The bad news? June 2009. Two events occurred this past June that are likely to make the topic of “the admissibility of evidence” just a little murkier.

The first is the recently media-covered publication of a paper in the “Forensic Science International: Genetics” journal which describes how DNA, the gold-standard for forensic evidence, can be faked:

“Nucleix scientists have demonstrated the viability of creating artificial DNA and ‘biological identify theft.’ Using basic equipment and know-how, DNA with any desired profile can be fabricated in the lab, and this artificial DNA can then be planted in crime scenes as fake evidence.”

This is rather alarming since, as the article rightly states “we’re creating a criminal justice system that is increasingly relying on this [DNA] technology.” But just when things seem darkest, there appears hope:

“Until recently, there has been no way to distinguish between genetic profiles obtained from falsified DNA samples, which can appear identical to real biological profiles based on current analytical protocols and technologies.  Nucleix’s proprietary assays can distinguish between “fake” (in-vitro synthesized) DNA, and “real” (in-vivo generated) DNA.  The company is committed to developing state-of-the-art “DNA authentication” assays that can be integrated into the standard forensic procedure, in order to maintain the high credibility of DNA evidence in the courtroom and other uses.  For additional information on Nucleix, please visit the company’s website at http://www.nucleix.com.”

Wait a minute. Nucleix both developed the “DNA Authentication” technology as well as the methods of falsifying DNA? Brilliant! That’s like an IPS vendor developing and launching attacks concurrent with their zero-day signatures, or George Went Hensley holding the patent on anti-venom. To be fair, if Nucleix hadn’t devised the falsification methods, someone else would have, but it’s irresistible to consider the pharmaceutical industry conspiracy theory implications.
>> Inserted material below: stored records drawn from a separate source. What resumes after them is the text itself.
(* Let $M\ge1$. Given any $k\in\{0\}\times\mathbb{Z}^M_+$ and any $m\in\mathbb{Z}^{M+1}$ with $0\leq m\leq \min\{k,\tilde{k}\}$, there exists a transmission scattering sequence $\mathsf{p}\in\mathsf{S}_M^\prime$ such that $\bigl(\kappa^\prime(\mathsf{p}),\beta^\prime(\mathsf{p})\bigr)=(k,m)$.
   Context: Fix depths $z_{-1}<z_0<\cdots<z_M<z_{M+1}$; $\mathbb{Z}_+$ denotes the nonnegative integers. A transmission scattering sequence is a finite sequence $\mathsf{p}=(\mathsf{p}_0,\ldots,\mathsf{p}_L)$ with $\mathsf{p}_0=z_{-1}$, $\mathsf{p}_L=z_{M+1}$, $\mathsf{p}_i\in\{z_0,\ldots,z_M\}$ for $1\le i\le L-1$, and for every $0\le i\le L-1$ there is $-1\le j\le M$ with $\{\mathsf{p}_i,\mathsf{p}_{i+1}\}=\{z_j,z_{j+1}\}$; $\mathsf{S}_M^\prime$ is the set of these. For $0\le n\le M$, consider the maximal runs of consecutive indices $i$ with $\mathsf{p}_i\in\{z_n,\ldots,z_{M+1}\}$; the last such run (containing index $L$) is called the trunk run. Let $k_n$ be the number of such runs other than the trunk run, and $m_n$ the number of non-trunk runs of length at least 2. Set $\kappa^\prime(\mathsf{p})=(k_0,\ldots,k_M)$ and $\beta^\prime(\mathsf{p})=(m_0,\ldots,m_M)$. (Equivalently, collapsing the Dyck subpaths gives a tree with a distinguished root-to-tip trunk, and $k_n$, $m_n$ count the vertices, resp. branch points, at depth $z_n$ not on the trunk.) Notation: $\tilde{k}=(k_1,\ldots,k_M,0)$; $\min$ and $\le$ entrywise; $0$ denotes the zero vector. *)

theory Defs
  imports Complex_Main
begin

text \<open>Depths are z(-1) < z(0) < ... < z(M+1), given by z :: int => real.
  A sequence p = (p_0,...,p_L) is a list of length L+1.\<close>

definition trans_scat_seq :: "(int \<Rightarrow> real) \<Rightarrow> nat \<Rightarrow> real list \<Rightarrow> bool" where
  "trans_scat_seq z M p \<longleftrightarrow>
     p \<noteq> [] \<and>
     p ! 0 = z (-1) \<and>
     p ! (length p - 1) = z (int M + 1) \<and>
     (\<forall>i. 1 \<le> i \<and> i < length p - 1 \<longrightarrow> p ! i \<in> z ` {0..int M}) \<and>
     (\<forall>i. i < length p - 1 \<longrightarrow>
        (\<exists>j\<in>{-1..int M}. {p ! i, p ! (i+1)} = {z j, z (j+1)}))"

definition in_level :: "(int \<Rightarrow> real) \<Rightarrow> nat \<Rightarrow> real list \<Rightarrow> nat \<Rightarrow> nat \<Rightarrow> bool" where
  "in_level z M p n i \<longleftrightarrow> p ! i \<in> z ` {int n..int M + 1}"

definition runs :: "(int \<Rightarrow> real) \<Rightarrow> nat \<Rightarrow> real list \<Rightarrow> nat \<Rightarrow> (nat \<times> nat) set" where
  "runs z M p n = {(a, b). a \<le> b \<and> b \<le> length p - 1 \<and>
      (\<forall>i\<in>{a..b}. in_level z M p n i) \<and>
      (a = 0 \<or> \<not> in_level z M p n (a - 1)) \<and>
      (b = length p - 1 \<or> \<not> in_level z M p n (b + 1))}"

text \<open>Non-trunk runs: those not containing the last index L.\<close>
definition kappa' :: "(int \<Rightarrow> real) \<Rightarrow> nat \<Rightarrow> real list \<Rightarrow> nat \<Rightarrow> nat" where
  "kappa' z M p n = card {(a, b) \<in> runs z M p n. b < length p - 1}"

definition beta' :: "(int \<Rightarrow> real) \<Rightarrow> nat \<Rightarrow> real list \<Rightarrow> nat \<Rightarrow> nat" where
  "beta' z M p n = card {(a, b) \<in> runs z M p n. b < length p - 1 \<and> a < b}"

definition ktilde :: "nat \<Rightarrow> (nat \<Rightarrow> nat) \<Rightarrow> nat \<Rightarrow> nat" where
  "ktilde M k n = (if n < M then k (n + 1) else 0)"

end

(*
  Write p = map z W for an integer walk W from -1 to M + 1 with steps of size one.
  Every run of W in [n, \<infinity>) other than the trunk run ends with a step from level n down
  to n - 1, so kappa' counts these exits of W from [n, \<infinity>), and beta' counts the exits
  preceded by two consecutive points in [n, \<infinity>).

  The walk realising (k, m) traverses a tree made of strands. The non-trunk vertices at depth n are
  numbered 0, ..., k n - 1, and vertex i at depth n + 1 is a child of vertex i at depth n if
  i < m n and of the trunk otherwise; the hypotheses m n \<le> k n and m n \<le> k (n + 1) say
  that these parents and children exist. Each strand, a maximal chain of such vertices, is
  traversed as one excursion from the trunk, and the run through vertex i at depth n is
  long exactly when i < m n.
*)

theory Submission
  imports Defs
begin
The second is the recent Supreme Court decision in Melendez-Diaz v. Massachusetts (07-591) which extends the Confrontation Clause (“…the accused shall enjoy the right … to be confronted with the witnesses against him;”) of the Sixth Amendment to include forensic analyst reports as “testimonial” evidence rather than “business records”. The chief repercussion to the forensic sciences, should this stand, is that any forensic evidence presented in a case could require the investigating analyst to provide in-court testimony about the findings, or that the defense be allowed to cross-examine the analyst on the findings.

Never mind that it overturns over 200 years of understanding of the Sixth Amendment. Never mind that it begs for abuse by unscrupulous defense attorneys. Never mind that it is rationally incomprehensible. The economic implications of Melendez-Diaz v. Massachusetts alone would suggest that its days are numbered, but the two cited events nonetheless intensify the need for understanding and emphasizing the distinction between human-generated and computer-generated evidence, as well as for maintaining the strongest “forensic soundness” of evidence practicable.